Liver Enzymes: HMG-CoA reductase inhibitors have been associated with biochemical abnormalities of liver function. Persistent increases of serum transaminase (ALT, AST) values to more than 3 times the upper limit of normal (occurring on two or more not necessarily sequential occasions) have been reported in less than 1.0% of patients treated with cerivastatin sodium in the US over an average period of 11 months. Most of these abnormalities occurred within the first 6 weeks of treatment, resolved after discontinuation of the drug, and were not associated with cholestasis. In most cases, these biochemical abnormalities were asymptomatic.
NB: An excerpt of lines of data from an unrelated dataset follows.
lemma reduct_pullback_struct_Ts:
  "reduct {E} (pullback_struct Ls ar X \<phi> Ts) = pullback_struct {E} ar X \<phi> T"
proof -
  have "reduct {E} (pullback_struct Ls ar X \<phi> Ts) = pullback_struct {E} ar X \<phi> Ts"
    using E_in_Ls by (simp add: reduct_pullback_struct)
  also have "\<dots> = pullback_struct {E} ar X \<phi> T"
    by (metis pullback_struct_reduct reduct_Ts order_refl)
  finally show ?thesis .
qed

definition edge_map :: "('a, 's + nat) rstruct \<Rightarrow> 'a set \<Rightarrow> ('a \<Rightarrow> 't \<times> nat) \<Rightarrow> bool" where
  "edge_map A X h \<longleftrightarrow> h ` X \<subseteq> fst BL \<and>
     (\<forall>u\<in>X. \<forall>v\<in>X. snd A (Inl E) [u, v] \<longleftrightarrow> snd BL (Inl E) [h u, h v])"

lemma edge_map_reduct [simp]: "edge_map (reduct {Inl E} A) X h \<longleftrightarrow> edge_map A X h"
  by (simp add: edge_map_def)

lemma edge_map_if_preserves:
  assumes "preserves L (blowup_ar ar) h X A BL" "Inl E \<in> L" "h ` X \<subseteq> fst BL"
  shows "edge_map A X h"
  using assms ar_E preserves_pair[OF assms(1,2)] by (auto simp: edge_map_def blowup_ar_def)

lemma edge_map_edge:
  "edge_map A X h \<Longrightarrow> u \<in> X \<Longrightarrow> v \<in> X \<Longrightarrow> snd A (Inl E) [u, v] \<longleftrightarrow> snd T E [fst (h u), fst (h v)]"
  unfolding edge_map_def by (simp add: BL_edge image_subset_iff)

lemma edge_map_same_column:
  "edge_map A X h \<Longrightarrow> u \<in> X \<Longrightarrow> v \<in> X \<Longrightarrow>
     fst (h u) = fst (h v) \<longleftrightarrow> \<not> snd A (Inl E) [u, v] \<and> \<not> snd A (Inl E) [v, u]"
  unfolding edge_map_def by (simp add: BL_no_edge_iff image_subset_iff del: fst_blowup)

lemma edge_maps_same_column:
  "edge_map A X h \<Longrightarrow> edge_map A X h' \<Longrightarrow> u \<in> X \<Longrightarrow> v \<in> X \<Longrightarrow>
     fst (h u) = fst (h v) \<longleftrightarrow> fst (h' u) = fst (h' v)"
  by (simp add: edge_map_same_column)

lemma quotient_expansion:
  assumes "edge_map A X h" "edge_map A X h'" "R \<subseteq> X" "finite R" "inj_on (fst \<circ> h) R"
  shows "pullback_struct Ls ar R (fst \<circ> h') Ts \<in> age Ls ar Ts"
    and "reduct {E} (pullback_struct Ls ar R (fst \<circ> h') Ts) = pullback_struct {E} ar R (fst \<circ> h) T"
proof -
  have "inj_on (fst \<circ> h') R"
    using assms(5) edge_maps_same_column[OF assms(1,2)] assms(3) unfolding inj_on_def
    by (metis comp_apply subsetD)
  moreover have "(fst \<circ> h') ` R \<subseteq> fst Ts"
    using assms(2,3) by (auto simp: edge_map_def image_subset_iff mem_Times_iff)
  ultimately show "pullback_struct Ls ar R (fst \<circ> h') Ts \<in> age Ls ar Ts"
    by (rule pullback_struct_in_age[OF assms(4)])
  have "reduct {E} (pullback_struct Ls ar R (fst \<circ> h') Ts) = pullback_struct {E} ar R (fst \<circ> h') T"
    by (rule reduct_pullback_struct_Ts)
  also have "\<dots> = pullback_struct {E} ar R (fst \<circ> h) T"
  proof (rule pullback_struct_cong)
    fix s xs assume "s \<in> {E}" "length xs = ar s" "set xs \<subseteq> R"
    then obtain u v where "s = E" "xs = [u, v]" "u \<in> X" "v \<in> X"
      using ar_E assms(3) by (auto simp: length_eq_2_iff subset_iff)
    then show "snd T s (map (fst \<circ> h') xs) \<longleftrightarrow> snd T s (map (fst \<circ> h) xs)"
      using edge_map_edge[OF assms(1)] edge_map_edge[OF assms(2)] by simp
  qed
  finally show "reduct {E} (pullback_struct Ls ar R (fst \<circ> h') Ts) =
    pullback_struct {E} ar R (fst \<circ> h) T" .
qed

text \<open>The E-reduct of B0[I_n], coded on \<nat> by prod_encode, since ages consist of structures on \<nat>.\<close>
definition nat_blowup :: "(nat, 's) rstruct \<Rightarrow> (nat, 's + nat) rstruct" where
  "nat_blowup B0 =
     (prod_encode ` (fst B0 \<times> {..<n}),
      \<lambda>s xs. s = Inl E \<and> length xs = 2 \<and> set xs \<subseteq> prod_encode ` (fst B0 \<times> {..<n}) \<and>
             snd B0 E (map (fst \<circ> prod_decode) xs))"

lemma nat_blowup_edge:
  "c \<in> fst B0 \<Longrightarrow> d \<in> fst B0 \<Longrightarrow> i < n \<Longrightarrow> j < n \<Longrightarrow>
     snd (nat_blowup B0) (Inl E) [prod_encode (c, i), prod_encode (d, j)] \<longleftrightarrow> snd B0 E [c, d]"
  by (simp add: nat_blowup_def)

lemma nat_blowup_in_age:
  assumes "B0 \<in> age {E} ar T"
  shows "nat_blowup B0 \<in> age {Inl E} (blowup_ar ar) (reduct {Inl E} BL)"
proof -
  obtain g where g: "inj_on g (fst B0)" "g ` fst B0 \<subseteq> fst T" "preserves {E} ar g (fst B0) B0 T"
    and "finite (fst B0)"
    using assms by (auto simp: age_def embeds_def is_embedding_def)
  define k where "k = (\<lambda>u. (g (fst (prod_decode u)), snd (prod_decode u)))"
  have "is_embedding {Inl E} (blowup_ar ar) k (nat_blowup B0) BL"
    unfolding is_embedding_def preserves_def
  proof (intro conjI ballI allI impI)
    show "inj_on k (fst (nat_blowup B0))"
      using g(1) by (auto simp: inj_on_def k_def nat_blowup_def)
    show "k ` fst (nat_blowup B0) \<subseteq> fst BL"
      using g(2) by (auto simp: k_def nat_blowup_def)
    fix s xs assume "s \<in> {Inl E}" "length xs = blowup_ar ar s \<and> set xs \<subseteq> fst (nat_blowup B0)"
    then obtain c i d j where "s = Inl E" "xs = [prod_encode (c, i), prod_encode (d, j)]"
      "c \<in> fst B0" "d \<in> fst B0" "i < n" "j < n"
      using ar_E by (auto simp: blowup_ar_def length_eq_2_iff nat_blowup_def)
    moreover from this have "g c \<in> fst T" "g d \<in> fst T" using g(2) by auto
    ultimately show "snd (nat_blowup B0) s xs \<longleftrightarrow> snd BL s (map k xs)"
      using preserves_pair[OF g(3) _ ar_E] by (simp add: nat_blowup_edge BL_edge k_def)
  qed
  moreover have "finite (fst (nat_blowup B0))" "is_struct {Inl E} (blowup_ar ar) (nat_blowup B0)"
    using \<open>finite (fst B0)\<close> ar_E by (auto simp: nat_blowup_def is_struct_def blowup_ar_def)
  ultimately show ?thesis
    by (auto simp: age_def embeds_def is_embedding_def preserves_reduct_target)
qed

lemma nat_blowup_same_column:
  assumes "B0 \<in> age {E} ar T" "edge_map (nat_blowup B0) (fst (nat_blowup B0)) hb"
    and "c \<in> fst B0" "d \<in> fst B0" "i < n" "j < n"
  shows "fst (hb (prod_encode (c, i))) = fst (hb (prod_encode (d, j))) \<longleftrightarrow> c = d"
proof -
  have "is_tournament E B0" using tournament ar_E assms(1) by (rule is_tournament_age)
  moreover have "prod_encode (c, i) \<in> fst (nat_blowup B0)"
    "prod_encode (d, j) \<in> fst (nat_blowup B0)"
    using assms(3-6) by (simp_all add: nat_blowup_def)
  ultimately show ?thesis
    using assms(3-6) edge_map_same_column[OF assms(2)]
    by (simp add: nat_blowup_edge tournament_no_edge_iff)
qed

lemma nat_blowup_expansion:
  assumes "B0 \<in> age {E} ar T" "edge_map (nat_blowup B0) (fst (nat_blowup B0)) hb"
  defines "\<phi> \<equiv> \<lambda>c. fst (hb (prod_encode (c, 0)))"
  shows "pullback_struct Ls ar (fst B0) \<phi> Ts \<in> age Ls ar Ts"
    and "reduct {E} (pullback_struct Ls ar (fst B0) \<phi> Ts) = B0"
proof -
  have enc: "prod_encode (c, 0) \<in> fst (nat_blowup B0)" if "c \<in> fst B0" for c
    using that n_pos by (simp add: nat_blowup_def)
  have "inj_on \<phi> (fst B0)"
    using nat_blowup_same_column[OF assms(1,2) _ _ n_pos n_pos] by (auto simp: inj_on_def \<phi>_def)
  moreover have "\<phi> ` fst B0 \<subseteq> fst Ts"
    using assms(2) enc by (force simp: edge_map_def \<phi>_def mem_Times_iff)
  moreover have "finite (fst B0)" using assms(1) by (simp add: age_def)
  ultimately show "pullback_struct Ls ar (fst B0) \<phi> Ts \<in> age Ls ar Ts"
    by (intro pullback_struct_in_age)
  have "preserves {E} ar \<phi> (fst B0) B0 T"
    unfolding preserves_def
  proof (intro ballI allI impI)
    fix s xs assume "s \<in> {E}" "length xs = ar s \<and> set xs \<subseteq> fst B0"
    then obtain c d where "s = E" "xs = [c, d]" "c \<in> fst B0" "d \<in> fst B0"
      using ar_E by (auto simp: length_eq_2_iff)
    then show "snd B0 s xs \<longleftrightarrow> snd T s (map \<phi> xs)"
      using edge_map_edge[OF assms(2) enc enc] nat_blowup_edge[OF _ _ n_pos n_pos]
      by (simp add: \<phi>_def)
  qed
  moreover have "is_struct {E} ar B0" using assms(1) by (simp add: age_def)
  ultimately have "pullback_struct {E} ar (fst B0) \<phi> T = B0"
    by (intro pullback_struct_eq_struct)
  then show "reduct {E} (pullback_struct Ls ar (fst B0) \<phi> Ts) = B0"
    by (simp add: reduct_pullback_struct_Ts)
qed

lemma nat_blowup_label_surj:
  assumes "B0 \<in> age {E} ar T" "edge_map (nat_blowup B0) (fst (nat_blowup B0)) hb"
    and "inj_on hb (fst (nat_blowup B0))" "c \<in> fst B0" "j < n"
  shows "\<exists>i<n. snd (hb (prod_encode (c, i))) = j"
proof -
  define m where "m i = snd (hb (prod_encode (c, i)))" for i
  have "inj_on m {..<n}"
  proof (rule inj_onI)
    fix i i' assume ii: "i \<in> {..<n}" "i' \<in> {..<n}" "m i = m i'"
    have "fst (hb (prod_encode (c, i))) = fst (hb (prod_encode (c, i')))"
      using nat_blowup_same_column[OF assms(1,2,4,4)] ii(1,2) by blast
    then have "hb (prod_encode (c, i)) = hb (prod_encode (c, i'))"
      using ii(3) unfolding m_def by (rule prod_eqI)
    with ii(1,2) assms(3,4) show "i = i'"
      by (auto simp: nat_blowup_def prod_encode_eq dest: inj_onD)
  qed
  moreover have "m ` {..<n} \<subseteq> {..<n}"
    using assms(2,4) by (force simp: m_def edge_map_def nat_blowup_def mem_Times_iff)
  ultimately have "m ` {..<n} = {..<n}" by (intro endo_inj_surj) auto
  then have "j \<in> m ` {..<n}" using assms(5) by simp
  then show ?thesis unfolding m_def by blast
qed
It is recommended that liver function tests be performed before the initiation of treatment, at 6 and 12 weeks after initiation of therapy or elevation in dose, and periodically thereafter, e. g., semiannually. Patients who develop increased transaminase levels should be monitored with a second liver function evaluation to confirm the finding and be followed thereafter with frequent liver function tests until the abnormality(ies) return to normal. Should an increase in AST or ALT of three times the upper limit of normal or greater persist, withdrawal of cerivastatin sodium therapy is recommended. Active liver disease or unexplained transaminase elevations are contraindications to the use of BAYCOL (cerivastatin sodium tablets) (see CONTRAINDICATIONS).
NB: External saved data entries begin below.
(* Let $S=(n,X,U,f,Y,h,x_0)$, $\widehat{S}=(\widehat{n},\widehat{X},\widehat{U},\widehat{f},\widehat{Y},\widehat{h},\widehat{x}_0)$ and $\widehat{\widehat{S}}=(\widehat{\widehat{n}},\widehat{\widehat{X}},\widehat{\widehat{U}},\widehat{\widehat{f}},\widehat{\widehat{Y}},\widehat{\widehat{h}},\widehat{\widehat{x}}_0)$ be deterministic multi-robot transition systems. If $\widehat{\widehat{S}}$ is an $(\widehat{n},\widehat{\tau})$-illusion of $\widehat{S}$, and $\widehat{S}$ is an $(m,\tau)$-illusion of $S$, then $\widehat{\widehat{S}}$ is an $(m,\tau\cdot\widehat{\tau})$-illusion of $S$.
   Context: A deterministic multi-robot transition system is a 7-tuple $(n,X,U,f,Y,h,x_0)$ where $n$ is a positive integer (the number of robots); $X=X^{(1)}\times\cdots\times X^{(n)}$ is the state space; $U=U^{(1)}\times\cdots\times U^{(n)}$ is the action space; $f:X\times U\to X$ is the transition function given by robot transition functions $f^{(i)}$ via $f(x,(u^{(1)},\dots,u^{(n)}))=(f^{(1)}(x,u^{(1)}),\dots,f^{(n)}(x,u^{(n)}))$; $Y=Y^{(1)}\times\cdots\times Y^{(n)}$ is the observation space; $h:X\to Y$ is given by robot observation functions via $h(x)=(h^{(1)}(x),\dots,h^{(n)}(x))$; and $x_0\in X$ is the initial state. The system evolves in discrete time by $x_{k+1}=f(x_k,u_k)$, $y_k=h(x_k)$. Superscripts in parentheses index robots, subscripts index time. When one system $\widehat{S}$ (the primary system; its quantities carry hats) is used to emulate another system $S$ (the secondary system), a robot policy $\widehat{\pi}^{(i)}$ for robot $i$ of $\widehat{S}$ is a function mapping robot $i$'s own action history $\widehat{u}^{(i)}_0,\dots,\widehat{u}^{(i)}_k$, its own observation history $\widehat{y}^{(i)}_0,\dots,\widehat{y}^{(i)}_k$, and the history $x_0,\dots,x_\ell$ of states of the secondary system (where $\ell$ may differ from $k$, as the two systems may run on different time scales) to an action $\widehat{u}^{(i)}_k\in\widehat{U}^{(i)}$. Robot policies in $S$ choose actions of $S$ from histories in the same manner. For systems $S=(n,X,U,f,Y,h,x_0)$ and $\widehat{S}=(\widehat{n},\widehat{X},\widehat{U},\widehat{f},\widehat{Y},\widehat{h},\widehat{x}_0)$ and an integer $0<m\le n$, $\widehat{S}$ is an $m$-illusion of $S$ if there exist (i) robot policies $\widehat{\pi}^{(1)},\dots,\widehat{\pi}^{(\widehat{n})}$ in $\widehat{S}$, (ii) a strictly increasing function $z:\mathbb{Z}^+\to\mathbb{Z}^+$, and (iii) an infinite sequence of functions $\rho_k:\{1,\dots,m\}\to\{1,\dots,\widehat{n}\}$, such that for any robot policies $\pi^{(1)},\dots,\pi^{(n)}$ in $S$, for all $k\ge 0$ and all $1\le i\le m$, $h^{(i)}(x_k)=\widehat{h}^{(\rho_k(i))}(\widehat{x}_{z(k)})$, where $x_k$ is the state trajectory of $S$ and $\widehat{x}$ that of $\widehat{S}$. The tuple $(\widehat{\pi},(\rho_1,\rho_2,\dots),z)$ is called a witness. If $\widehat{S}$ is an $m$-illusion of $S$ with a witness for which the sequence $z(2)-z(1),z(3)-z(2),z(4)-z(3),\dots$ is bounded above by $\tau$, then it is an $(m,\tau)$-illusion; $\tau$ (an integer) is the slowdown. *)

theory Defs
  imports Main
begin

text \<open>Robots are indexed
 1..n.  A joint state is a function nat => 'x whose component i (1 <= i <= n)
 lies in X^(i); components outside 1..n are fixed to undefined.  Likewise a
 joint action is a function nat => 'u (only components 1..n are used).\<close>

record ('x, 'u, 'y) mrts =
  nr  :: nat
  Xs  :: "nat \<Rightarrow> 'x set"
  Us  :: "nat \<Rightarrow> 'u set"
  fs  :: "nat \<Rightarrow> (nat \<Rightarrow> 'x) \<Rightarrow> 'u \<Rightarrow> 'x"
  Ys  :: "nat \<Rightarrow> 'y set"
  hs  :: "nat \<Rightarrow> (nat \<Rightarrow> 'x) \<Rightarrow> 'y"
  xinit :: "nat \<Rightarrow> 'x"

definition state_space :: "('x, 'u, 'y) mrts \<Rightarrow> (nat \<Rightarrow> 'x) set" where
  "state_space S = {x. (\<forall>i\<in>{1..nr S}. x i \<in> Xs S i) \<and>
                       (\<forall>i. i \<notin> {1..nr S} \<longrightarrow> x i = undefined)}"

definition mrts_wf :: "('x, 'u, 'y) mrts \<Rightarrow> bool" where
  "mrts_wf S \<longleftrightarrow> 0 < nr S \<and> xinit S \<in> state_space S \<and>
     (\<forall>x\<in>state_space S. \<forall>i\<in>{1..nr S}. \<forall>u\<in>Us S i. fs S i x u \<in> Xs S i) \<and>
     (\<forall>x\<in>state_space S. \<forall>i\<in>{1..nr S}. hs S i x \<in> Ys S i)"

definition step :: "('x, 'u, 'y) mrts \<Rightarrow> (nat \<Rightarrow> 'x) \<Rightarrow> (nat \<Rightarrow> 'u) \<Rightarrow> (nat \<Rightarrow> 'x)" where
  "step S x u = (\<lambda>i. if i \<in> {1..nr S} then fs S i x (u i) else undefined)"

text \<open>A (generic) robot policy
 maps robot i's own action history u_0..u_{k-1}, its own observation history
 y_0..y_k, and an extra history (of type 'c list, supplied at time k by ctx k)
 to the action u_k.  hist returns (state history x_0..x_k, joint action
 history u_0..u_{k-1}).\<close>
fun hist :: "('x, 'u, 'y) mrts \<Rightarrow> (nat \<Rightarrow> 'u list \<Rightarrow> 'y list \<Rightarrow> 'c list \<Rightarrow> 'u)
             \<Rightarrow> (nat \<Rightarrow> 'c list) \<Rightarrow> nat \<Rightarrow> (nat \<Rightarrow> 'x) list \<times> (nat \<Rightarrow> 'u) list" where
  "hist S \<pi> ctx 0 = ([xinit S], [])"
| "hist S \<pi> ctx (Suc k) =
     (let (xh, uh) = hist S \<pi> ctx k;
          u = (\<lambda>i. \<pi> i (map (\<lambda>v. v i) uh) (map (hs S i) xh) (ctx k))
      in (xh @ [step S (last xh) u], uh @ [u]))"

definition traj :: "('x, 'u, 'y) mrts \<Rightarrow> (nat \<Rightarrow> 'u list \<Rightarrow> 'y list \<Rightarrow> 'c list \<Rightarrow> 'u)
             \<Rightarrow> (nat \<Rightarrow> 'c list) \<Rightarrow> nat \<Rightarrow> (nat \<Rightarrow> 'x)" where
  "traj S \<pi> ctx k = last (fst (hist S \<pi> ctx k))"

definition sec_policy :: "('x, 'u, 'y) mrts \<Rightarrow> nat \<Rightarrow> ('u list \<Rightarrow> 'y list \<Rightarrow> 'u) \<Rightarrow> bool" where
  "sec_policy S i p \<longleftrightarrow> (\<forall>a b. p a b \<in> Us S i)"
Caution should be exercised when cerivastatin sodium is administered to patients with a history of liver disease or heavy alcohol ingestion (see CLINICAL PHARMACOLOGY: Pharmacokinetics, Metabolism).
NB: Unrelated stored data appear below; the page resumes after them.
text \<open>No automaton has a countable neighbourhood basis: the countably many finite sets
  describing the basis miss some configuration z, and the neighbourhood fixing the value at z contains
  no member of the basis by the perturbation lemma.\<close>

lemma no_countable_nbhd_basis:
  assumes card: "CARD('a::finite) \<ge> 2" and c: "(c :: (int \<Rightarrow> 'a) \<Rightarrow> _) \<in> CA"
  shows "\<not> countable_nbhd_basis_at pointwise_top c"
proof
  assume "countable_nbhd_basis_at pointwise_top c"
  then obtain B where B: "countable B" "\<And>N. N \<in> B \<Longrightarrow> c \<in> pointwise_top interior_of N"
    "\<And>V. V \<subseteq> CA \<Longrightarrow> c \<in> pointwise_top interior_of V \<Longrightarrow> \<exists>N \<in> B. N \<subseteq> V"
    unfolding countable_nbhd_basis_at_def by auto
  have "\<exists>P. finite P \<and> basic_nbhd c P \<subseteq> N" if N: "N \<in> B" for N
  proof -
    obtain P where "finite P" "basic_nbhd c P \<subseteq> pointwise_top interior_of N"
      using basic_nbhd_base[OF openin_interior_of B(2)[OF N]] by blast
    then show ?thesis using interior_of_subset[of pointwise_top N] by blast
  qed
  then obtain P where P: "\<And>N. N \<in> B \<Longrightarrow> finite (P N) \<and> basic_nbhd c (P N) \<subseteq> N" by metis
  have "countable (\<Union>N \<in> B. P N)" using B(1) P by (simp add: countable_finite)
  then obtain z where z: "z \<notin> (\<Union>N \<in> B. P N)"
    using uncountable_configurations[OF card] by (metis UNIV_eq_I)
  let ?V = "U_sub z (c z 0)"
  have "c \<in> pointwise_top interior_of ?V"
    using c by (simp add: interior_of_openin[OF openin_U_sub]) (simp add: U_sub_def)
  moreover have "?V \<subseteq> CA" by (auto simp: U_sub_def)
  ultimately obtain N where N: "N \<in> B" "N \<subseteq> ?V" using B(3) by blast
  moreover have "finite (P N)" "z \<notin> P N" using P[OF N(1)] z N(1) by auto
  ultimately obtain d where "d \<in> basic_nbhd c (P N)" "d z 0 \<noteq> c z 0"
    using perturbation[OF card c] by blast
  then show False using P[OF N(1)] N(2) by (auto simp: U_sub_def)
qed

lemma pointwise_no_isolated_points:
  assumes "CARD('a::finite) \<ge> 2"
  shows "no_isolated_points (pointwise_top :: ((int \<Rightarrow> 'a) \<Rightarrow> (int \<Rightarrow> 'a)) topology)"
proof -
  have "\<not> openin pointwise_top {c}" if "c \<in> CA" for c :: "(int \<Rightarrow> 'a) \<Rightarrow> (int \<Rightarrow> 'a)"
    using no_countable_nbhd_basis[OF assms that] countable_nbhd_basis_if_isolated[of pointwise_top c] by blast
  then show ?thesis by (simp add: no_isolated_points_def)
qed

section \<open>The Bernoulli measure\<close>

definition bernoulli :: "(int \<Rightarrow> 'a::finite) measure" where
  "bernoulli = PiM UNIV (\<lambda>_. measure_pmf (pmf_of_set UNIV))"

lemma space_bernoulli [simp]: "space bernoulli = UNIV"
  by (simp add: bernoulli_def space_PiM)

lemma prob_space_bernoulli: "prob_space bernoulli"
  unfolding bernoulli_def by (rule prob_space_PiM) (simp add: prob_space_measure_pmf)

lemma cyl_prod_emb:
  "cyl J w = prod_emb UNIV (\<lambda>_. measure_pmf (pmf_of_set UNIV)) J (Pi\<^sub>E J (\<lambda>j. {w j}))"
  by (auto simp: cyl_def prod_emb_def PiE_iff)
Such patients should be started at the low end of the recommended dosing range and closely monitored. Skeletal Muscle: Rare cases of rhabdomyolysis with acute renal failure secondary to myoglobinuria have been reported with other HMG-CoA reductase inhibitors. Myopathy, defined as muscle aching or muscle weakness, associated with increases in plasma creatine kinase (CK) values to greater than 10 times the upper limit of normal, was rare (~ 0.2%) in U. S. cerivastatin clinical trials. Myopathy should be considered in any patient with diffuse myalgias, muscle tenderness or weakness, and/or marked elevation of CK. Patients should be advised to report promptly unexplained muscle pain, tenderness, or weakness, particularly if accompanied by malaise or fever. BAYCOL (cerivastatin sodium tablets therapy should be discontinued if markedly elevated CK levels occur or myopathy is diagnosed or suspected. BAYCOL (cerivastatin sodium tablets) should be temporarily wfthheld in any patient experiencing an acute or serious condition predisposing to the development of renal failure secondary to rhabdomyotysts, e.g., sepsis; hypotension; major surgery; trauma; severe metabolic, endocrine or electrolyte disorders; or uncontrolled epilepsy.

The risk of myopathy during treatment with other HMG-CoA reductase inhibitors is increased with concurrent administration of cyclosporine, fibric acid derivatives, erythromycin, azole antifungals or lipid- lowering doses of niacin.

Uncomplicated myalgia has been observed infrequently in patients treated with cerivastatin sodium at rates that could not be distinguished from placebo.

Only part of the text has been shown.